Every line below between the line holding "abbreviation letter_a :: bool" and the line holding "either start with", inclusive, should be repeated exactly, and all other lines omitted.

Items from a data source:
++++++
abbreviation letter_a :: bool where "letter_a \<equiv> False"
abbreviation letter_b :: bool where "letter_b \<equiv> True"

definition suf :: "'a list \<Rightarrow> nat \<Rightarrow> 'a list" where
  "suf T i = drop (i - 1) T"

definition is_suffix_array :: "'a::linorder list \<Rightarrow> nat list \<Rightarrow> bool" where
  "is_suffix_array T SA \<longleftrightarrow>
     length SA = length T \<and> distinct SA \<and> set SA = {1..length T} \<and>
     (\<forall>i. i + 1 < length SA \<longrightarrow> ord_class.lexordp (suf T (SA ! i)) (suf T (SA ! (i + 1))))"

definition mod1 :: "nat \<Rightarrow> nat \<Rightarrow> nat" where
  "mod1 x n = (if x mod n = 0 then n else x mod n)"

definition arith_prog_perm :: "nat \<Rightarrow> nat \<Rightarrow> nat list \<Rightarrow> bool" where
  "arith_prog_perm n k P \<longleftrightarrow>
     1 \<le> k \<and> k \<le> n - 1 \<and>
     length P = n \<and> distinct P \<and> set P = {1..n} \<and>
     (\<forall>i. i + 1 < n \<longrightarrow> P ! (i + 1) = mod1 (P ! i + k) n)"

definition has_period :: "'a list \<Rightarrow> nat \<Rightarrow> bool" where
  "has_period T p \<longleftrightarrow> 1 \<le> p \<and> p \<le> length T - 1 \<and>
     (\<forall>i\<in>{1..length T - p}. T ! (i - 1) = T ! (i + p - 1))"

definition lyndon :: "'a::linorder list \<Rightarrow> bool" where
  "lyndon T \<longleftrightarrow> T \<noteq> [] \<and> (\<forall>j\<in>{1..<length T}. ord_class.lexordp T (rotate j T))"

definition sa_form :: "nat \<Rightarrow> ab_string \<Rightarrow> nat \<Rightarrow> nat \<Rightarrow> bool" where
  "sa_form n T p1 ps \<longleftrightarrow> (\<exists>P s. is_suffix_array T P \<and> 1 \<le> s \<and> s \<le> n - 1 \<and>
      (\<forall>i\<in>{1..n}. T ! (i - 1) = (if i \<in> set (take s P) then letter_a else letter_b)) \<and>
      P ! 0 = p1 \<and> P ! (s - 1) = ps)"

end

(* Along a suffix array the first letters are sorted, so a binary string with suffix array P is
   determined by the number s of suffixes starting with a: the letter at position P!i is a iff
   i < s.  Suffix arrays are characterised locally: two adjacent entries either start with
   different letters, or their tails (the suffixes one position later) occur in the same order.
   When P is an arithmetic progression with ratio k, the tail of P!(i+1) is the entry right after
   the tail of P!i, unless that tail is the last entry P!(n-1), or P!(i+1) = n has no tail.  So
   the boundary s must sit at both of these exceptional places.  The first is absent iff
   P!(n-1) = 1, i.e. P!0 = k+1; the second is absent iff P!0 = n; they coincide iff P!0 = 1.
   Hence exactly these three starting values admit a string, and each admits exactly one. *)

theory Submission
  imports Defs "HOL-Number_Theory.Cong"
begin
++++++
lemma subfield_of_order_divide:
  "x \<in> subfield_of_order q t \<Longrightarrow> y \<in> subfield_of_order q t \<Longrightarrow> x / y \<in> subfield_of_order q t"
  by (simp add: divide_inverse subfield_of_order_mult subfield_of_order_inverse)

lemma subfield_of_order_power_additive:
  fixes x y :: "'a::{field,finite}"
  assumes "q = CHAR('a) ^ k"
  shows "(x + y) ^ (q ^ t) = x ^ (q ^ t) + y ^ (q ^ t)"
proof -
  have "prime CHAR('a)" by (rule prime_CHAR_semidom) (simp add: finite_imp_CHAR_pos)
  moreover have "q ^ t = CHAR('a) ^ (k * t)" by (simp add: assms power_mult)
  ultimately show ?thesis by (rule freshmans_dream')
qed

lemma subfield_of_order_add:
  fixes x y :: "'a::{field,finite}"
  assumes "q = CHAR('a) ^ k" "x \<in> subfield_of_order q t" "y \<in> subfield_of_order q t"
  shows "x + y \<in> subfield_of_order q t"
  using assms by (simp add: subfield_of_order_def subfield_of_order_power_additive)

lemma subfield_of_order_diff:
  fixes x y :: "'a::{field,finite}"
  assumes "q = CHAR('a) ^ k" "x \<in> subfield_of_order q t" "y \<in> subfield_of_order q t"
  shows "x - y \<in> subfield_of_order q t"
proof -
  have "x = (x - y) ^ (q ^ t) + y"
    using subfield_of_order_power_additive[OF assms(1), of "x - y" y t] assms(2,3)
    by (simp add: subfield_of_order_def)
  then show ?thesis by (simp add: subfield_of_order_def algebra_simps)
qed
++++++
**Answer to this exercise**
abbreviation letter_a :: bool where "letter_a \<equiv> False"
abbreviation letter_b :: bool where "letter_b \<equiv> True"

definition suf :: "'a list \<Rightarrow> nat \<Rightarrow> 'a list" where
  "suf T i = drop (i - 1) T"

definition is_suffix_array :: "'a::linorder list \<Rightarrow> nat list \<Rightarrow> bool" where
  "is_suffix_array T SA \<longleftrightarrow>
     length SA = length T \<and> distinct SA \<and> set SA = {1..length T} \<and>
     (\<forall>i. i + 1 < length SA \<longrightarrow> ord_class.lexordp (suf T (SA ! i)) (suf T (SA ! (i + 1))))"

definition mod1 :: "nat \<Rightarrow> nat \<Rightarrow> nat" where
  "mod1 x n = (if x mod n = 0 then n else x mod n)"

definition arith_prog_perm :: "nat \<Rightarrow> nat \<Rightarrow> nat list \<Rightarrow> bool" where
  "arith_prog_perm n k P \<longleftrightarrow>
     1 \<le> k \<and> k \<le> n - 1 \<and>
     length P = n \<and> distinct P \<and> set P = {1..n} \<and>
     (\<forall>i. i + 1 < n \<longrightarrow> P ! (i + 1) = mod1 (P ! i + k) n)"

definition has_period :: "'a list \<Rightarrow> nat \<Rightarrow> bool" where
  "has_period T p \<longleftrightarrow> 1 \<le> p \<and> p \<le> length T - 1 \<and>
     (\<forall>i\<in>{1..length T - p}. T ! (i - 1) = T ! (i + p - 1))"

definition lyndon :: "'a::linorder list \<Rightarrow> bool" where
  "lyndon T \<longleftrightarrow> T \<noteq> [] \<and> (\<forall>j\<in>{1..<length T}. ord_class.lexordp T (rotate j T))"

definition sa_form :: "nat \<Rightarrow> ab_string \<Rightarrow> nat \<Rightarrow> nat \<Rightarrow> bool" where
  "sa_form n T p1 ps \<longleftrightarrow> (\<exists>P s. is_suffix_array T P \<and> 1 \<le> s \<and> s \<le> n - 1 \<and>
      (\<forall>i\<in>{1..n}. T ! (i - 1) = (if i \<in> set (take s P) then letter_a else letter_b)) \<and>
      P ! 0 = p1 \<and> P ! (s - 1) = ps)"

end

(* Along a suffix array the first letters are sorted, so a binary string with suffix array P is
   determined by the number s of suffixes starting with a: the letter at position P!i is a iff
   i < s.  Suffix arrays are characterised locally: two adjacent entries either start with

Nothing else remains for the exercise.